Elsevier

Journal of Econometrics

Volume 171, Issue 2, December 2012, Pages 101-120
Journal of Econometrics

A class of adaptive importance sampling weighted EM algorithms for efficient and robust posterior and predictive simulation

https://doi.org/10.1016/j.jeconom.2012.06.011Get rights and content

Abstract

A class of adaptive sampling methods is introduced for efficient posterior and predictive simulation. The proposed methods are robust in the sense that they can handle target distributions that exhibit non-elliptical shapes such as multimodality and skewness. The basic method makes use of sequences of importance weighted Expectation Maximization steps in order to efficiently construct a mixture of Student-t densities that approximates accurately the target distribution–typically a posterior distribution, of which we only require a kernel–in the sense that the Kullback–Leibler divergence between target and mixture is minimized. We label this approach Mixture of t by Importance Sampling weighted Expectation Maximization (MitISEM). The constructed mixture is used as a candidate density for quick and reliable application of either Importance Sampling (IS) or the Metropolis–Hastings (MH) method. We also introduce three extensions of the basic MitISEM approach. First, we propose a method for applying MitISEM in a sequential manner, so that the candidate distribution for posterior simulation is cleverly updated when new data become available. Our results show that the computational effort reduces enormously, while the quality of the approximation remains almost unchanged. This sequential approach can be combined with a tempering approach, which facilitates the simulation from densities with multiple modes that are far apart. Second, we introduce a permutation-augmented MitISEM approach. This is useful for importance or Metropolis–Hastings sampling from posterior distributions in mixture models without the requirement of imposing identification restrictions on the model’s mixture regimes’ parameters. Third, we propose a partial MitISEM approach, which aims at approximating the joint distribution by estimating a product of marginal and conditional distributions. This division can substantially reduce the dimension of the approximation problem, which facilitates the application of adaptive importance sampling for posterior simulation in more complex models with larger numbers of parameters. Our results indicate that the proposed methods can substantially reduce the computational burden in econometric models like DCC or mixture GARCH models and a mixture instrumental variables model.

Introduction

For a few decades there has been considerable interest in Bayesian analysis using computer generated pseudo random draws from the posterior and predictive distribution. Markov Chain Monte Carlo (MCMC) techniques are useful for this purpose and a popular MCMC technique is the Metropolis–Hastings algorithm, developed by Metropolis et al. (1953) and generalized by Hastings (1970). Several updates of this sampler are proposed in the literature, especially the idea of adapting the proposal distribution given sampled draws.

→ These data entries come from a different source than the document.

lemma row_cond_swap: "row_cond \<beta>a a \<beta>b b k \<longleftrightarrow> row_cond \<beta>b b \<beta>a a k"
proof -
  have "integral {x0..x1} (\<lambda>\<xi>. poly v \<xi> * (\<beta>b * jet j b \<xi> - \<beta>a * jet j a \<xi>)) =
      - integral {x0..x1} (\<lambda>\<xi>. poly v \<xi> * (\<beta>a * jet j a \<xi> - \<beta>b * jet j b \<xi>))" for v j
    by (simp add: algebra_simps flip: integral_neg)
  then show ?thesis unfolding row_cond_def by (auto split: nat.split)
qed

lemma row_cond_cong:
  assumes "\<And>i. i \<le> k \<Longrightarrow> b i = b' i"
  shows "row_cond \<beta>a a \<beta>b b k \<longleftrightarrow> row_cond \<beta>a a \<beta>b b' k"
proof -
  have rows: "row_poly m b i = row_poly m b' i" if "i \<le> k" for i
    using assms[OF that] by (simp add: row_poly_def)
  consider "k = 0" | "k = 1" | j where "k = Suc (Suc j)" by (metis One_nat_def not0_implies_Suc)
  then show ?thesis
  proof cases
    case 3
    then have "jet j b \<xi> = jet j b' \<xi>" if "\<xi> \<in> {x0..x1}" for \<xi>
      using assms that by (intro jet_cong) auto
    then have "integral {x0..x1} (\<lambda>\<xi>. poly v \<xi> * (\<beta>b * jet j b \<xi> - \<beta>a * jet j a \<xi>)) =
        integral {x0..x1} (\<lambda>\<xi>. poly v \<xi> * (\<beta>b * jet j b' \<xi> - \<beta>a * jet j a \<xi>))" for v
      by (intro integral_cong) simp
    then show ?thesis unfolding row_cond_def 3 by simp
  qed (use rows in \<open>auto simp: row_cond_def\<close>)
qed

lemma ex1_poly_eq_on_interval:
  fixes q :: "real poly"
  assumes "degree q \<le> D"
  shows "\<exists>!p. degree p \<le> D \<and> (\<forall>x\<in>{x0..x1}. poly p x = poly q x)"
  using assms poly_eq_on_interval_imp_eq[OF interval] by blast

lemma ex1_row_poly_trace:
  assumes "a \<in> bipoly m"
  shows "\<exists>!p. degree p \<le> m \<and> row_cond \<beta>a a \<beta>b (b(0 := coeff p)) 0"
proof -
  have eq: "row_cond \<beta>a a \<beta>b (b(0 := coeff p)) 0 \<longleftrightarrow> (\<forall>x\<in>{x0..x1}. poly p x = poly (row_poly m a 0) x)"
    if "degree p \<le> m" for p
    using that by (simp add: row_cond_def row_poly_upd_coeff)
  have "degree (row_poly m a 0) \<le> m" using degree_row_poly[OF assms, of 0] by simp
  from ex1_poly_eq_on_interval[OF this] show ?thesis by (simp only: eq cong: conj_cong)
qed
lemma graded_free_basis_induct:
  assumes basis: "graded_free_basis sm Ac r gam" and a: "a \<in> Ac i"
    and zero: "P 0" and gen: "\<And>s. s \<in> {1..r i} \<Longrightarrow> P (gam i s)"
    and step: "\<And>c a b. a \<in> Ac i \<Longrightarrow> b \<in> Ac i \<Longrightarrow> P a \<Longrightarrow> P b \<Longrightarrow> P (sm c a + b)"
  shows "P a"
proof -
  obtain c where c: "a = (\<Sum>s=1..r i. sm (c s) (gam i s))"
    using basis a unfolding graded_free_basis_def by blast
  have gam: "gam i s \<in> Ac i" if "s \<in> {1..r i}" for s
    using basis that unfolding graded_free_basis_def by blast
  have "(\<Sum>s\<in>S. sm (c s) (gam i s)) \<in> Ac i \<and> P (\<Sum>s\<in>S. sm (c s) (gam i s))"
    if "finite S" "S \<subseteq> {1..r i}" for S
    using that
  proof (induction S rule: finite_induct)
    case (insert s S)
    then show ?case
      using step[of "gam i s"] gam gen by auto
  qed (simp add: zero)
  then show ?thesis
    using c by simp
qed

lemma Ac_trivial_if_one_zero: "one = 0 \<Longrightarrow> a \<in> Ac i \<Longrightarrow> a = 0"
  using mu_one_right[of a i] by simp

end

lemma comm_dg_algebra_imp_dg_algebra: "comm_dg_algebra sm Ac mu one dA \<Longrightarrow> dg_algebra sm Ac mu one dA"
  unfolding comm_dg_algebra_def dg_algebra_def by (elim conjE) (intro conjI; assumption)

locale free_dg_module = dg_algebra sm Ac mu one dA
  for sm :: "'r::comm_ring_1 \<Rightarrow> 'a::ab_group_add \<Rightarrow> 'a" and Ac mu one dA +
  fixes E :: "'e set" and deg :: "'e \<Rightarrow> int"
begin

abbreviation "M \<equiv> Mset Ac E deg"
abbreviation "aM \<equiv> actM mu E deg"
abbreviation "aN \<equiv> actN mu E deg"

lemma M_mem_E: "m \<in> M i \<Longrightarrow> e \<in> E \<Longrightarrow> m e \<in> Ac (i - deg e)"
  and M_not_E: "m \<in> M i \<Longrightarrow> e \<notin> E \<Longrightarrow> m e = 0"
  and M_finite_support: "m \<in> M i \<Longrightarrow> finite {e. m e \<noteq> 0}"
  unfolding Mset_def by (auto split: if_splits)

lemma M_memI:
  "finite {e. m e \<noteq> 0} \<Longrightarrow> (\<And>e. e \<in> E \<Longrightarrow> m e \<in> Ac (i - deg e)) \<Longrightarrow> (\<And>e. e \<notin> E \<Longrightarrow> m e = 0)
    \<Longrightarrow> m \<in> M i"
  unfolding Mset_def by auto

lemma M_zero [simp]: "0 \<in> M i"
  by (auto simp: Mset_def)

Monte Carlo procedures based on Importance Sampling (IS), see Hammersley and Handscomb (1964), are an alternative. This idea has been introduced in Bayesian inference by Kloek and van Dijk (1978) and is further developed by van Dijk and Kloek, 1980, van Dijk and Kloek, 1984 and, in particular, by Geweke (1989). Cappé et al. (2008) discuss that there exists renewed interest in Importance Sampling. This is due to its relatively simple properties which allow for the development of parallel implementation. The increased popularity of Importance Sampling goes jointly with the development of multiple core machines and computer clusters.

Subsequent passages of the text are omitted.